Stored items

(* For any Markov system $\mathbb{M}=(a,b,[a],[b],[b^{-1}])$, the gaps of $X_\infty$ (components of $S^1\setminus X_\infty$) form a single orbit under the action of $\mathbb{G}(\mathbb{M})$.
   Context: A Markov system is a tuple $(a,b,[a],[b],[b^{-1}])$ with $a$ an orientation-preserving involution of $S^1$, $b$ an orientation-preserving homeomorphism of $S^1$ of period three, and $[a],[b],[b^{-1}]\subset S^1$ such that: (A) they are pairwise disjoint, each a union of $k$ disjoint closed intervals ($k\in\mathbb{N}$); components are $a$-, $b$-, $b^{-1}$-intervals; $X=[a]\cup[b]\cup[b^{-1}]$; (B) no two $a$-intervals are consecutive among the components of $X$ in circular order; likewise for $b$- and for $b^{-1}$-intervals; with principal gaps (gaps of $X$ between an $a$-interval and a $b^{\pm1}$-interval), complementary gaps (between a $b$- and a $b^{-1}$-interval), $b$-blocks (maximal intervals made of $b^{\pm1}$-intervals and complementary gaps) and $[[b]]$ the union of $b$-blocks: (C) $a([a])=[[b]]$; (D) $b([a])=[b]$, $b([b])=[b^{-1}]$; (E) $a$ maps principal gaps to principal gaps and exactly one of $b^{\pm1}$ maps a given principal gap to a principal gap; the graph on principal gaps joining $J$ to $a(J)$ and to that image is connected. $\mathbb{G}(\mathbb{M})$ is the subgroup of $\mathrm{Homeo}_+(S^1)$ generated by $a$ and $b$, and $X_\infty=\bigcap_{f\in\mathbb{G}(\mathbb{M})}f^{-1}(X)$. *)

theory Defs
  imports "HOL-Analysis.Analysis"
begin

definition S1 :: "complex set" where
  "S1 = sphere 0 1"

text \<open>ccw x y z: the points x, y, z of the circle occur in this (counterclockwise)
  circular order, i.e. the triangle x y z is positively oriented.\<close>
definition ccw :: "complex \<Rightarrow> complex \<Rightarrow> complex \<Rightarrow> bool" where
  "ccw x y z \<longleftrightarrow> Im (cnj (y - x) * (z - x)) > 0"

definition carc :: "complex \<Rightarrow> complex \<Rightarrow> complex set" where
  "carc u v = {z \<in> S1. z = u \<or> z = v \<or> ccw u z v}"

definition is_closed_interval :: "complex set \<Rightarrow> bool" where
  "is_closed_interval I \<longleftrightarrow> (\<exists>u\<in>S1. \<exists>v\<in>S1. u \<noteq> v \<and> I = carc u v)"

definition union_of_intervals :: "nat \<Rightarrow> complex set \<Rightarrow> bool" where
  "union_of_intervals k A \<longleftrightarrow>
     (\<exists>\<I>. finite \<I> \<and> card \<I> = k \<and> (\<forall>I\<in>\<I>. is_closed_interval I)
          \<and> pairwise disjnt \<I> \<and> A = \<Union>\<I>)"

definition homeo_plus :: "(complex \<Rightarrow> complex) \<Rightarrow> bool" where
  "homeo_plus f \<longleftrightarrow> (\<exists>g. homeomorphism S1 S1 f g) \<and>
     (\<forall>x\<in>S1. \<forall>y\<in>S1. \<forall>z\<in>S1. ccw x y z \<longrightarrow> ccw (f x) (f y) (f z))"

definition gaps :: "complex set \<Rightarrow> complex set set" where
  "gaps Y = components (S1 - Y)"

definition between :: "complex set \<Rightarrow> complex set \<Rightarrow> complex set \<Rightarrow> bool" where
  "between J I1 I2 \<longleftrightarrow> I1 \<noteq> I2 \<and> closure J \<inter> I1 \<noteq> {} \<and> closure J \<inter> I2 \<noteq> {}"

definition principal_gaps :: "complex set \<Rightarrow> complex set \<Rightarrow> complex set \<Rightarrow> complex set set" where
  "principal_gaps A B Bi = {J \<in> gaps (A \<union> B \<union> Bi).
     \<exists>I1\<in>components A. \<exists>I2\<in>components B \<union> components Bi. between J I1 I2}"

definition complementary_gaps :: "complex set \<Rightarrow> complex set \<Rightarrow> complex set \<Rightarrow> complex set set" where
  "complementary_gaps A B Bi = {J \<in> gaps (A \<union> B \<union> Bi).
     \<exists>I1\<in>components B. \<exists>I2\<in>components Bi. between J I1 I2}"

definition bblocks_union :: "complex set \<Rightarrow> complex set \<Rightarrow> complex set \<Rightarrow> complex set" where
  "bblocks_union A B Bi = B \<union> Bi \<union> \<Union>(complementary_gaps A B Bi)"

definition no_two_consecutive :: "complex set \<Rightarrow> complex set \<Rightarrow> bool" where
  "no_two_consecutive X C \<longleftrightarrow>
     \<not> (\<exists>J\<in>gaps X. \<exists>I1\<in>components C. \<exists>I2\<in>components C. between J I1 I2)"

definition markov_system ::
  "(complex \<Rightarrow> complex) \<Rightarrow> (complex \<Rightarrow> complex) \<Rightarrow> complex set \<Rightarrow> complex set \<Rightarrow> complex set \<Rightarrow> bool" where
  "markov_system a b A B Bi \<longleftrightarrow>
     homeo_plus a \<and> (\<forall>x\<in>S1. a (a x) = x) \<and> (\<exists>x\<in>S1. a x \<noteq> x) \<and>
     homeo_plus b \<and> (\<forall>x\<in>S1. b (b (b x)) = x) \<and> (\<exists>x\<in>S1. b x \<noteq> x) \<and>
     \<comment> \<open>(A)\<close>
     disjnt A B \<and> disjnt A Bi \<and> disjnt B Bi \<and>
     (\<exists>k. union_of_intervals k A \<and> union_of_intervals k B \<and> union_of_intervals k Bi) \<and>
     \<comment> \<open>(B)\<close>
     no_two_consecutive (A \<union> B \<union> Bi) A \<and>
     no_two_consecutive (A \<union> B \<union> Bi) B \<and>
     no_two_consecutive (A \<union> B \<union> Bi) Bi \<and>
     \<comment> \<open>(C)\<close>
     a ` A = bblocks_union A B Bi \<and>
     \<comment> \<open>(D)\<close>
     b ` A = B \<and> b ` B = Bi \<and>
     \<comment> \<open>(E)\<close>
     (let P = principal_gaps A B Bi; bi = inv_into S1 b;
          E = {(J, a ` J) | J. J \<in> P} \<union> {(J, b ` J) | J. J \<in> P \<and> b ` J \<in> P}
              \<union> {(J, bi ` J) | J. J \<in> P \<and> bi ` J \<in> P}
      in (\<forall>J\<in>P. a ` J \<in> P) \<and>
         (\<forall>J\<in>P. (b ` J \<in> P) \<noteq> (bi ` J \<in> P)) \<and>
         (\<forall>J\<in>P. \<forall>K\<in>P. (J, K) \<in> (E \<union> E\<inverse>)\<^sup>*))"

inductive_set markov_group :: "(complex \<Rightarrow> complex) \<Rightarrow> (complex \<Rightarrow> complex) \<Rightarrow> (complex \<Rightarrow> complex) set"
  for a b where
  id: "id \<in> markov_group a b"
| mult_a: "f \<in> markov_group a b \<Longrightarrow> a \<circ> f \<in> markov_group a b"
| mult_b: "f \<in> markov_group a b \<Longrightarrow> b \<circ> f \<in> markov_group a b"
| mult_a_inv: "f \<in> markov_group a b \<Longrightarrow> inv_into S1 a \<circ> f \<in> markov_group a b"
| mult_b_inv: "f \<in> markov_group a b \<Longrightarrow> inv_into S1 b \<circ> f \<in> markov_group a b"

definition X_infty :: "(complex \<Rightarrow> complex) \<Rightarrow> (complex \<Rightarrow> complex) \<Rightarrow> complex set \<Rightarrow> complex set" where
  "X_infty a b X = (\<Inter>f\<in>markov_group a b. {x \<in> S1. f x \<in> X})"

end

theory Submission
  imports Defs
begin

text \<open>Write \<open>X = [a] \<union> [b] \<union> [b\<^sup>-\<^sup>1]\<close>. Every element of the group is a word alternating
  between \<open>a\<close> and \<open>b\<^sup>\<plusminus>\<^sup>1\<close>, and by (C) and (D) such a word plays ping-pong: it maps a gap
  of \<open>X\<close> onto a gap of \<open>X\<close> or into \<open>X\<close>. Hence the endpoints of the gaps of \<open>X\<close> lie in
  \<open>X\<^sub>\<infinity>\<close>, every gap of \<open>X\<close> is a gap of \<open>X\<^sub>\<infinity>\<close>, and every gap of \<open>X\<^sub>\<infinity>\<close> is carried onto
  a gap of \<open>X\<close> by the group element that pushes one of its points out of \<open>X\<close>. A gap of \<open>X\<close>
  is bounded by two intervals of different types (B), so it is principal or complementary;
  \<open>b\<^sup>2\<close> carries a complementary gap to a principal one, and the principal gaps form a single
  orbit by the connectivity in (E).\<close>

section \<open>Arcs of the circle\<close>

lemma sin_double_sum_identity:
  fixes x y :: real
  shows "sin (2*y - 2*x) + sin (2*x) - sin (2*y) = 4 * sin x * sin y * sin (y - x)"
proof -
  have double: "2*y - 2*x = 2*(y-x)" by simp
  have "(sin x)^2 + (cos x)^2 = 1" "(sin y)^2 + (cos y)^2 = 1" by simp_all
  then show ?thesis unfolding double sin_double sin_diff cos_diff by algebra
qed

lemma sin_triangle_pos_iff:
  fixes s t :: real
  assumes "0 \<le> s" "s < 2*pi" "0 < t" "t < 2*pi"
  shows "sin (t - s) + sin s - sin t > 0 \<longleftrightarrow> 0 < s \<and> s < t"
proof -
  have eq: "sin (t - s) + sin s - sin t = 4 * sin (s/2) * sin (t/2) * sin (t/2 - s/2)"
    using sin_double_sum_identity[where x="s/2" and y="t/2"] by simp
  have "sin (t/2) > 0" using assms by (intro sin_gt_zero) auto
  moreover have "0 < s \<Longrightarrow> sin (s/2) > 0" using assms by (intro sin_gt_zero) auto
  moreover have "s < t \<Longrightarrow> sin (t/2 - s/2) > 0" using assms by (intro sin_gt_zero) auto
  moreover have "sin (t/2 - s/2) \<le> 0" if "t \<le> s"
  proof -
    have "sin (s/2 - t/2) \<ge> 0" using assms that by (intro sin_ge_zero) auto
    then show ?thesis by (metis minus_diff_eq neg_0_le_iff_le sin_minus)
  qed
  ultimately show ?thesis
    using eq assms by (cases "s = 0"; cases "s < t") (auto simp: zero_less_mult_iff mult_less_0_iff)
qed

lemma ccw_cis_iff: "ccw (cis r) (cis (r+s)) (cis (r+t)) \<longleftrightarrow> sin (t - s) + sin s - sin t > 0"
proof -
  have "cnj (cis (r+s) - cis r) * (cis (r+t) - cis r) =
     cis (-(r+s)) * cis (r+t) - cis (-(r+s)) * cis r - cis (-r) * cis (r+t) + cis (-r) * cis r"
    by (simp add: cis_cnj algebra_simps)
  also have "\<dots> = cis (t - s) - cis (-s) - cis t + 1"
    by (simp only: cis_mult) (simp add: algebra_simps)
  finally show ?thesis unfolding ccw_def by simp
qed

lemma Arg2pi_cis: "0 \<le> t \<Longrightarrow> t < 2*pi \<Longrightarrow> Arg2pi (cis t) = t"
  using Arg2pi_exp[of "\<i> * of_real t"] by (simp add: cis_conv_exp)

lemma S1_eq_cis_image: "S1 = cis ` {0..<2*pi}"
proof
  show "S1 \<subseteq> cis ` {0..<2*pi}"
  proof
    fix z assume "z \<in> S1"
    then have "z = cis (Arg2pi z)"
      using Arg2pi_eq[of z] by (simp add: S1_def cis_conv_exp)
    then show "z \<in> cis ` {0..<2*pi}" using Arg2pi by auto
  qed
qed (auto simp: S1_def)

lemma S1_eq_rotated_cis_image: "S1 = (\<lambda>s. cis (r+s)) ` {0..<2*pi}"
proof -
  have "S1 = (\<lambda>z. cis r * z) ` S1"
  proof
    show "S1 \<subseteq> (\<lambda>z. cis r * z) ` S1"
    proof
      fix z assume "z \<in> S1"
      then have "cis (-r) * z \<in> S1" "z = cis r * (cis (-r) * z)"
        by (simp_all add: S1_def norm_mult cis_mult flip: mult.assoc)
      then show "z \<in> (\<lambda>z. cis r * z) ` S1" by blast
    qed
  qed (auto simp: S1_def norm_mult)
  also have "\<dots> = (\<lambda>s. cis (r+s)) ` {0..<2*pi}"
    unfolding S1_eq_cis_image image_image by (simp add: cis_mult)
  finally show ?thesis .
qed

lemma inj_on_rotated_cis: "inj_on (\<lambda>s. cis (r+s)) {0..<2*pi}"
proof
  fix s t assume st: "s \<in> {0..<2*pi}" "t \<in> {0..<2*pi}" "cis (r+s) = cis (r+t)"
  then have "cis s = cis t" by (metis add_diff_cancel_left' cis_divide)
  then show "s = t" using st Arg2pi_cis by (metis atLeastLessThan_iff)
qed

lemma carc_rotated_cis_param:
  assumes u: "u \<in> S1" and v: "v \<in> S1" and uv: "u \<noteq> v"
  obtains r t where "carc u v = (\<lambda>s. cis (r+s)) ` {0..t}"
    "S1 - carc u v = (\<lambda>s. cis (r+s)) ` {t<..<2*pi}"
proof -
  obtain r where r: "u = cis r" using u S1_eq_cis_image by blast
  let ?c = "\<lambda>s. cis (r+s)"
  have S1: "S1 = ?c ` {0..<2*pi}" by (rule S1_eq_rotated_cis_image)
  have "v \<in> ?c ` {0..<2*pi}" using v S1 by simp
  then obtain t where t: "0 \<le> t" "t < 2*pi" "v = ?c t" by auto
  have u0: "u = ?c 0" using r by simp
  have "t \<noteq> 0" using t u0 uv by auto
  have inj: "?c s = ?c s' \<longleftrightarrow> s = s'" if "s \<in> {0..<2*pi}" "s' \<in> {0..<2*pi}" for s s'
    using inj_on_rotated_cis[of r] that by (auto dest: inj_onD)
  have in_arc: "?c s \<in> carc u v \<longleftrightarrow> s \<le> t" if s: "0 \<le> s" "s < 2*pi" for s
  proof -
    have "ccw u (?c s) v \<longleftrightarrow> 0 < s \<and> s < t"
      using ccw_cis_iff[of r s t] sin_triangle_pos_iff[of s t] s t \<open>t \<noteq> 0\<close> r by simp
    then show ?thesis
      unfolding carc_def u0 t(3) using inj[of s 0] inj[of s t] s t by (auto simp: S1_def)
  qed
  have arc: "carc u v = ?c ` {0..t}"
  proof
    show "carc u v \<subseteq> ?c ` {0..t}"
    proof
      fix z assume z: "z \<in> carc u v"
      then have "z \<in> ?c ` {0..<2*pi}" using S1 by (simp add: carc_def)
      then obtain s where "s \<in> {0..<2*pi}" "z = ?c s" by blast
      then show "z \<in> ?c ` {0..t}" using in_arc z by auto
    qed
    show "?c ` {0..t} \<subseteq> carc u v" using in_arc t by auto
  qed
  have "S1 - carc u v = ?c ` ({0..<2*pi} - {0..t})"
    unfolding arc S1 using t by (intro inj_on_image_set_diff[symmetric, OF inj_on_rotated_cis]) auto
  also have "{0..<2*pi} - {0..t} = {t<..<2*pi}" using t by auto
  finally have rest: "S1 - carc u v = ?c ` {t<..<2*pi}" .
  show thesis using that[OF arc rest] .
qed

lemma continuous_on_rotated_cis: "continuous_on S (\<lambda>s. cis (r+s))"
  unfolding cis_conv_exp by (intro continuous_intros)

lemma is_closed_intervalD:
  assumes "is_closed_interval I"
  shows "compact I" "connected I" "connected (S1 - I)" "I \<subseteq> S1"
proof -
  obtain u v where uv: "u \<in> S1" "v \<in> S1" "u \<noteq> v" "I = carc u v"
    using assms by (auto simp: is_closed_interval_def)
  obtain r t where arc: "I = (\<lambda>s. cis (r+s)) ` {0..t}"
    and rest: "S1 - I = (\<lambda>s. cis (r+s)) ` {t<..<2*pi}"
    using carc_rotated_cis_param[OF uv(1-3)] uv(4) by metis
  show "compact I" unfolding arc
    by (intro compact_continuous_image continuous_on_rotated_cis compact_Icc)
  show "connected I" unfolding arc
    by (intro connected_continuous_image continuous_on_rotated_cis connected_Icc)
  show "connected (S1 - I)" unfolding rest
    by (intro connected_continuous_image continuous_on_rotated_cis) (simp add: is_interval_connected)
  show "I \<subseteq> S1" using uv by (auto simp: carc_def)
qed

* [Instructions to follow]: Please give again the lines above between the line holding "theory Submission" and the line holding "text \<open>Write \<open>X", inclusive, exactly as they are and with nothing added.

* [Output of the exercise]:
theory Submission
  imports Defs
begin

text \<open>Write \<open>X = [a] \<union> [b] \<union> [b\<^sup>-\<^sup>1]\<close>. Every element of the group is a word alternating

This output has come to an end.